Find the line holding "fix y z assume" in the entries below. Give it again exactly, along with every line after it up to and including the line holding "case False hence".

□ □ □

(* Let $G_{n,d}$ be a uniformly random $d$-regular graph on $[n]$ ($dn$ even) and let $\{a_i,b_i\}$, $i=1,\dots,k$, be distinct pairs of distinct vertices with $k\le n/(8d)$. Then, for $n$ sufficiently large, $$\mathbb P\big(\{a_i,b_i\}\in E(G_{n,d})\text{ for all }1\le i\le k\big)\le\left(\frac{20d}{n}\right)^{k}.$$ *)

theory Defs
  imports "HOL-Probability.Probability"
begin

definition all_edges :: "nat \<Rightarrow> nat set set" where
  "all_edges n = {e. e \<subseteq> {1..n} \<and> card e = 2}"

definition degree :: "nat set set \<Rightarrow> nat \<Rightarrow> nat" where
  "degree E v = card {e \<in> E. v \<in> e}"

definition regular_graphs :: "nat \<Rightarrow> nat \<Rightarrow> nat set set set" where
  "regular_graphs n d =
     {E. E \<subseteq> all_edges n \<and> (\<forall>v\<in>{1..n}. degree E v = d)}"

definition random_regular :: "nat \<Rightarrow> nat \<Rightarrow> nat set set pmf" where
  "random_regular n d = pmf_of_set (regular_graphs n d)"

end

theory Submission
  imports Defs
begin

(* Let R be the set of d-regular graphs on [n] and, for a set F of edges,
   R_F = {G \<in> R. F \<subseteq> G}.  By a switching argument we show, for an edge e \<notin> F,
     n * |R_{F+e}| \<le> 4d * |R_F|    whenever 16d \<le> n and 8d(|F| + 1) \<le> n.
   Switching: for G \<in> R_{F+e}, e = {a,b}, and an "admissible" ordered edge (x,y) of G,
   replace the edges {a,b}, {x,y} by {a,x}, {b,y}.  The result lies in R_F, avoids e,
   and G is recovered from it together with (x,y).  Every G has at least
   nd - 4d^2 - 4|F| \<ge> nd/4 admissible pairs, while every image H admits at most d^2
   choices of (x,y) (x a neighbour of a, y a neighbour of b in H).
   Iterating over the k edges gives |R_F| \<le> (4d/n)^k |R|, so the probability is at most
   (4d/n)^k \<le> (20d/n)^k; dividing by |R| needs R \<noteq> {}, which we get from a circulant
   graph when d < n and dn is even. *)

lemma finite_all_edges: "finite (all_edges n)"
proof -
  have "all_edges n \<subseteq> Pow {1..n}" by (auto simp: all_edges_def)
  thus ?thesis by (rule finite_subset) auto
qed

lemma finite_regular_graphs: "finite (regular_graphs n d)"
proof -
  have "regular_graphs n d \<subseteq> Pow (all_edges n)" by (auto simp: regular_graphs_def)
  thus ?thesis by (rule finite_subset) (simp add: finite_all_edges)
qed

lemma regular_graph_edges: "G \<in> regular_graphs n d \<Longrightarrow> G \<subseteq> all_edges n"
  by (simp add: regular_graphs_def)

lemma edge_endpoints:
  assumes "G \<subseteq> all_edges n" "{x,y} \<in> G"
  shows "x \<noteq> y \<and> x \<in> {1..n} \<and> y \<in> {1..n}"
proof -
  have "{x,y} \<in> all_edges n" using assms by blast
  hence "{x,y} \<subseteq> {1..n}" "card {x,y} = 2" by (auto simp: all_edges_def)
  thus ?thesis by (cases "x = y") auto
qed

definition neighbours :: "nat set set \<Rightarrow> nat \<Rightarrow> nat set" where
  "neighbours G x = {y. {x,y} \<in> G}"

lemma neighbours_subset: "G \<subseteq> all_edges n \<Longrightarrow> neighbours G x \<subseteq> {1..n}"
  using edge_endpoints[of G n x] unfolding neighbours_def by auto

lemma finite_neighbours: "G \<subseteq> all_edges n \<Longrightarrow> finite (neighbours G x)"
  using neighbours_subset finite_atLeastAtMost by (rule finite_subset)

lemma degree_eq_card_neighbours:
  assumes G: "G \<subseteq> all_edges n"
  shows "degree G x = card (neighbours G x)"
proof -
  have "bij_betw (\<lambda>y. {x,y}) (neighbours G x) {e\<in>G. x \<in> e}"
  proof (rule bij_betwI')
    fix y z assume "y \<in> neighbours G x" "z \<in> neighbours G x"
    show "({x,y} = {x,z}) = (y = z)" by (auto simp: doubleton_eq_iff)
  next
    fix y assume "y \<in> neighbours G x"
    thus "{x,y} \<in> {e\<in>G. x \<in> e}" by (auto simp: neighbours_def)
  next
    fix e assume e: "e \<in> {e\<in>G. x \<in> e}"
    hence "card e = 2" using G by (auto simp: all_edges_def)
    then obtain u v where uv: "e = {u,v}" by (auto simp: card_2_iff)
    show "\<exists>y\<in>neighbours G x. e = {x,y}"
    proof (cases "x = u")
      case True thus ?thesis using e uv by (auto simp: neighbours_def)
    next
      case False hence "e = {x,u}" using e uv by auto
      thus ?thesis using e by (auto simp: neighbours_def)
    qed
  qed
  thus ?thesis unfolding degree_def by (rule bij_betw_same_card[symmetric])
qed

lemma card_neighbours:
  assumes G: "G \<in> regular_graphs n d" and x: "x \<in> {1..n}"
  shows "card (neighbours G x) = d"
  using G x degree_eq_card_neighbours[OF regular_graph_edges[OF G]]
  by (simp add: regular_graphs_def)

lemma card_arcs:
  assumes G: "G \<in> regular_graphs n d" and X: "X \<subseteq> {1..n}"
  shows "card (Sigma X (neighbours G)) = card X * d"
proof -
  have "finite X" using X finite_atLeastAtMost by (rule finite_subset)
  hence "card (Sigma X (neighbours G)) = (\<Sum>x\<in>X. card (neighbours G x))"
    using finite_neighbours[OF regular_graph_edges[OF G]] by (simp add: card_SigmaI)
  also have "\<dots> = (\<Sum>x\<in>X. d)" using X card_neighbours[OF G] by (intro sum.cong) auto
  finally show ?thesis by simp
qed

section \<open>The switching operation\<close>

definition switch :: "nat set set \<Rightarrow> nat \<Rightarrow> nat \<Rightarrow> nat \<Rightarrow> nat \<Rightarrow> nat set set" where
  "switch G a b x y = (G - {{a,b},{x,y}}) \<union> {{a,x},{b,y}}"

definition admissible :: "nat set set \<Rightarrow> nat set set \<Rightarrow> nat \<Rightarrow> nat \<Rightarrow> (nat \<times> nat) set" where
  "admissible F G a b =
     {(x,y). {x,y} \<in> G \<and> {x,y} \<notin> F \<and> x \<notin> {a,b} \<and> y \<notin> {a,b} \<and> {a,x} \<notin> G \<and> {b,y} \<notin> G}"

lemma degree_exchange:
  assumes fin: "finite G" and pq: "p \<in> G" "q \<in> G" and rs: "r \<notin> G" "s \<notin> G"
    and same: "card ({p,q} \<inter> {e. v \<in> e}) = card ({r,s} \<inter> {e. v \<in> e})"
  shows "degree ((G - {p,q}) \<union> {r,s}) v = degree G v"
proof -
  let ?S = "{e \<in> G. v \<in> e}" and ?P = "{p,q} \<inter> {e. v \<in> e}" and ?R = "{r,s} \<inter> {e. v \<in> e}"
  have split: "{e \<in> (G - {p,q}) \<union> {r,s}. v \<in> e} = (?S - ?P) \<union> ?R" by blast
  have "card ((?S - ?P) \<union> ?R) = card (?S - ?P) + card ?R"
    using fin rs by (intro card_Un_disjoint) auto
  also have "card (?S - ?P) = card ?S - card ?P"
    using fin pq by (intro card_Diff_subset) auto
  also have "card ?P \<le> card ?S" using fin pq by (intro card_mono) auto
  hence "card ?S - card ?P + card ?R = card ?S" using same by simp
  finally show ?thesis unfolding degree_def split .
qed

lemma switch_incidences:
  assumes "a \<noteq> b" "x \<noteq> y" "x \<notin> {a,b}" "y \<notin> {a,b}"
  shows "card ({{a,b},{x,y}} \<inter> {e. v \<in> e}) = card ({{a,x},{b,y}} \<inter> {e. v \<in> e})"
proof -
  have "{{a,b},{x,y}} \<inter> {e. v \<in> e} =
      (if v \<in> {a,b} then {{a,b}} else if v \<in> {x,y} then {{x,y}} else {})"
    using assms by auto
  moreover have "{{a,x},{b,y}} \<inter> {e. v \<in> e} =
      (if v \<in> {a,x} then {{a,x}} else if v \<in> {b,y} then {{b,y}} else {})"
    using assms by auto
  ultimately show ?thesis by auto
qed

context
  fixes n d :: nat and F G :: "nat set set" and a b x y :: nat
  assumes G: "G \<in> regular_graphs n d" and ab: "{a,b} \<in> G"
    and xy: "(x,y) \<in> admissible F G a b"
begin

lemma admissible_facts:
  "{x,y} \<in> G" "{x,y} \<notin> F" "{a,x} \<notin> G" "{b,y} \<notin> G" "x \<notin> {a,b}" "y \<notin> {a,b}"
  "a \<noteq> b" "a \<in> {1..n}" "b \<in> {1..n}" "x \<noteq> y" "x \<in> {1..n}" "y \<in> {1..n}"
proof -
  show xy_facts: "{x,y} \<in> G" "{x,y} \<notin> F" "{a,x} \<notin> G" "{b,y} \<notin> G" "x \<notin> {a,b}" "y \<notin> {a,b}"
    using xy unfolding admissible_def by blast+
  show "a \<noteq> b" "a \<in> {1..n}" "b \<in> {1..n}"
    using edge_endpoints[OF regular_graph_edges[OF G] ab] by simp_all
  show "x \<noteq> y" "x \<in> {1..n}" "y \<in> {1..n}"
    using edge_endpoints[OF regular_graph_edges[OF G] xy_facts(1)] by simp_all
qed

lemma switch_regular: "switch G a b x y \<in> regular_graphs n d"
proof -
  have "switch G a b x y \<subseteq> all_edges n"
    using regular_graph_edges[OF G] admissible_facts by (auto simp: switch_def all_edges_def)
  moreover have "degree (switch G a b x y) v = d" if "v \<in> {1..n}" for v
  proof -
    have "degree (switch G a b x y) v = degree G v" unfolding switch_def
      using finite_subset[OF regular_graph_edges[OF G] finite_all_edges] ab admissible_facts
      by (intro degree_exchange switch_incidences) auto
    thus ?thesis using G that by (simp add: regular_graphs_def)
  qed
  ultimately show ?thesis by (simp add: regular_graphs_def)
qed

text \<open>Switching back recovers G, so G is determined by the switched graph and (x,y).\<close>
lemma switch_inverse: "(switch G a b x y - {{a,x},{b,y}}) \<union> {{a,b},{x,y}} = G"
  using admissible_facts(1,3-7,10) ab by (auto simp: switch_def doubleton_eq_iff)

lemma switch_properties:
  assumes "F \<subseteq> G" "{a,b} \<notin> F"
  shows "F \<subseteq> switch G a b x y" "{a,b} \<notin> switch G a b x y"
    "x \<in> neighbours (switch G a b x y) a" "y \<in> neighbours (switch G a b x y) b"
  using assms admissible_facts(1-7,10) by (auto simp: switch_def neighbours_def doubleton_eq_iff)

□ □ □

_Reply to the task_
    fix y z assume "y \<in> neighbours G x" "z \<in> neighbours G x"
    show "({x,y} = {x,z}) = (y = z)" by (auto simp: doubleton_eq_iff)
  next
    fix y assume "y \<in> neighbours G x"
    thus "{x,y} \<in> {e\<in>G. x \<in> e}" by (auto simp: neighbours_def)
  next
    fix e assume e: "e \<in> {e\<in>G. x \<in> e}"
    hence "card e = 2" using G by (auto simp: all_edges_def)
    then obtain u v where uv: "e = {u,v}" by (auto simp: card_2_iff)
    show "\<exists>y\<in>neighbours G x. e = {x,y}"
    proof (cases "x = u")
      case True thus ?thesis using e uv by (auto simp: neighbours_def)
    next
      case False hence "e = {x,u}" using e uv by auto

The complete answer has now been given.